Regional fund managers have raised their exposure to European banks in particular. A net 13 per cent are now overweighting the sector, compared to last month’s net 3 per cent underweight. The enthusiasm around the eurozone is being driven by the fact the European Central Bank is firing up a quantitative easing programme for early next year.

“We are seeing capitulation out of energy and materials to the benefit of the dollar, cash, eurozone stocks and global tech and discretionary stocks,” said Michael Hartnett, chief investment strategist at BoA Merrill Lynch Research. “The prospect of ECB QE has brought growing consensus on European equities, but the weakening business cycle and falling commodity prices are working against true earnings recovery,” said Manish Kabra, European equity and quantitative strategist.

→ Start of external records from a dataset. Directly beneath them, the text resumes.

(* Let $R$ be a commutative ring with identity. The following are equivalent: (1) $R[X]_A$ is a residually principal ideal ring; (2) $R[X]_A$ is a residually valuation ring; (3) $R[X]_A$ is a residually Bézout ring; (4) $R[X]_A$ is a residually Prüfer ring; (5) $R$ is zero-dimensional (i.e., has Krull dimension $0$).
   Context: $X$ is an indeterminate over $R$, $A=\{f\in R[X]\mid f(0)=1\}$, and $R[X]_A$ is the localization of $R[X]$ at $A$. For a property (P) of integral domains, a ring $T$ is called residually (P) if $T/\mathfrak p$ has property (P) for every prime ideal $\mathfrak p$ of $T$. Thus "residually principal ideal ring" means $T/\mathfrak p$ is a principal ideal domain for all primes $\mathfrak p$, and similarly for valuation domains, Bézout domains (every finitely generated ideal principal) and Prüfer domains (every nonzero finitely generated ideal invertible). *)

theory Defs
  imports "HOL-Algebra.UnivPoly" "HOL-Algebra.Ideal_Product"
          "HOL-Algebra.Ring_Divisibility" "HOL-Algebra.QuotRing"
begin

text \<open>The operations are defined
  by taking the union over all representatives (which is the class itself once the
  operations are shown to be well defined).\<close>

definition loc_rel :: "('a, 'b) ring_scheme \<Rightarrow> 'a set \<Rightarrow> (('a \<times> 'a) \<times> ('a \<times> 'a)) set" where
  "loc_rel P S = {((a, s), (b, t)). a \<in> carrier P \<and> s \<in> S \<and> b \<in> carrier P \<and> t \<in> S \<and>
      (\<exists>u\<in>S. u \<otimes>\<^bsub>P\<^esub> ((a \<otimes>\<^bsub>P\<^esub> t) \<ominus>\<^bsub>P\<^esub> (b \<otimes>\<^bsub>P\<^esub> s)) = \<zero>\<^bsub>P\<^esub>)}"

definition loc_frac :: "('a, 'b) ring_scheme \<Rightarrow> 'a set \<Rightarrow> 'a \<Rightarrow> 'a \<Rightarrow> ('a \<times> 'a) set" where
  "loc_frac P S a s = loc_rel P S `` {(a, s)}"

definition localization :: "('a, 'b) ring_scheme \<Rightarrow> 'a set \<Rightarrow> (('a \<times> 'a) set) ring" where
  "localization P S = ring.make
     \<comment> \<open>carrier\<close>
     {loc_frac P S a s | a s. a \<in> carrier P \<and> s \<in> S}
     \<comment> \<open>multiplication\<close>
     (\<lambda>U V. \<Union> {loc_frac P S (a \<otimes>\<^bsub>P\<^esub> b) (s \<otimes>\<^bsub>P\<^esub> t) | a s b t.
              (a, s) \<in> U \<and> (b, t) \<in> V})
     \<comment> \<open>one\<close>
     (loc_frac P S \<one>\<^bsub>P\<^esub> \<one>\<^bsub>P\<^esub>)
     \<comment> \<open>zero\<close>
     (loc_frac P S \<zero>\<^bsub>P\<^esub> \<one>\<^bsub>P\<^esub>)
     \<comment> \<open>addition\<close>
     (\<lambda>U V. \<Union> {loc_frac P S ((a \<otimes>\<^bsub>P\<^esub> t) \<oplus>\<^bsub>P\<^esub> (b \<otimes>\<^bsub>P\<^esub> s)) (s \<otimes>\<^bsub>P\<^esub> t) | a s b t.
              (a, s) \<in> U \<and> (b, t) \<in> V})"

lemma localization_simps:
  "carrier (localization P S) = {loc_frac P S a s | a s. a \<in> carrier P \<and> s \<in> S}"
  "one (localization P S) = loc_frac P S \<one>\<^bsub>P\<^esub> \<one>\<^bsub>P\<^esub>"
  "zero (localization P S) = loc_frac P S \<zero>\<^bsub>P\<^esub> \<one>\<^bsub>P\<^esub>"
  by (simp_all add: localization_def ring.defs)

definition polyA :: "('a, 'm) ring_scheme \<Rightarrow> (nat \<Rightarrow> 'a) set" where
  "polyA R = {f \<in> carrier (UP R). coeff (UP R) f 0 = \<one>\<^bsub>R\<^esub>}"

definition RXA :: "('a, 'm) ring_scheme \<Rightarrow> (((nat \<Rightarrow> 'a) \<times> (nat \<Rightarrow> 'a)) set) ring" where
  "RXA R = localization (UP R) (polyA R)"

definition valuation_domain :: "('a, 'b) ring_scheme \<Rightarrow> bool" where
  "valuation_domain D \<longleftrightarrow> domain D \<and>
     (\<forall>a\<in>carrier D. \<forall>b\<in>carrier D. a divides\<^bsub>D\<^esub> b \<or> b divides\<^bsub>D\<^esub> a)"

definition bezout_domain :: "('a, 'b) ring_scheme \<Rightarrow> bool" where
  "bezout_domain D \<longleftrightarrow> domain D \<and>
     (\<forall>F. finite F \<and> F \<subseteq> carrier D \<longrightarrow> (\<exists>a\<in>carrier D. Idl\<^bsub>D\<^esub> F = PIdl\<^bsub>D\<^esub> a))"

text \<open>An ideal I of a domain D is invertible (as a fractional ideal) iff I J = d D
  for some ideal J of D and some nonzero d in D (J = d I^{-1}).\<close>

definition invertible_ideal :: "('a, 'b) ring_scheme \<Rightarrow> 'a set \<Rightarrow> bool" where
  "invertible_ideal D I \<longleftrightarrow>
     (\<exists>J d. ideal J D \<and> d \<in> carrier D \<and> d \<noteq> \<zero>\<^bsub>D\<^esub> \<and> ideal_prod D I J = PIdl\<^bsub>D\<^esub> d)"

definition prufer_domain :: "('a, 'b) ring_scheme \<Rightarrow> bool" where
  "prufer_domain D \<longleftrightarrow> domain D \<and>
     (\<forall>F. finite F \<and> F \<subseteq> carrier D \<and> Idl\<^bsub>D\<^esub> F \<noteq> {\<zero>\<^bsub>D\<^esub>} \<longrightarrow>
        invertible_ideal D (Idl\<^bsub>D\<^esub> F))"

definition residually :: "(('a set) ring \<Rightarrow> bool) \<Rightarrow> ('a, 'b) ring_scheme \<Rightarrow> bool" where
  "residually Prop T \<longleftrightarrow> (\<forall>p. primeideal p T \<longrightarrow> Prop (T Quot p))"

definition zero_dimensional :: "('a, 'b) ring_scheme \<Rightarrow> bool" where
  "zero_dimensional R \<longleftrightarrow> (\<forall>p. primeideal p R \<longrightarrow> maximalideal p R)"

end

theory Submission
  imports Defs
begin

On the issue of oil - which has sunk in value this year, the poll showed that a net 36 per cent of fund managers view oil as undervalued following its recent price fall below $60 per barrel. This reading is up over 20 percentage points since October and represents its lowest level since 2009.

In contrast, investors have less conviction towards holding US and Japanese stocks. With the US market appearing overvalued to a strong majority of the panel, a net 10 per cent now intend to underweight it in the coming 12 months.

As a result asset allocators have hiked their cash holdings to an average 5 per cent. Moreover a net 28 per cent are now overweight cash relative to their benchmarks. This is the survey’s highest reading on this measure since June 2012.

The fund manager survey consists of 214 panelists with $604 billion of assets under management participated in the survey from 5 December to 11 December 2014.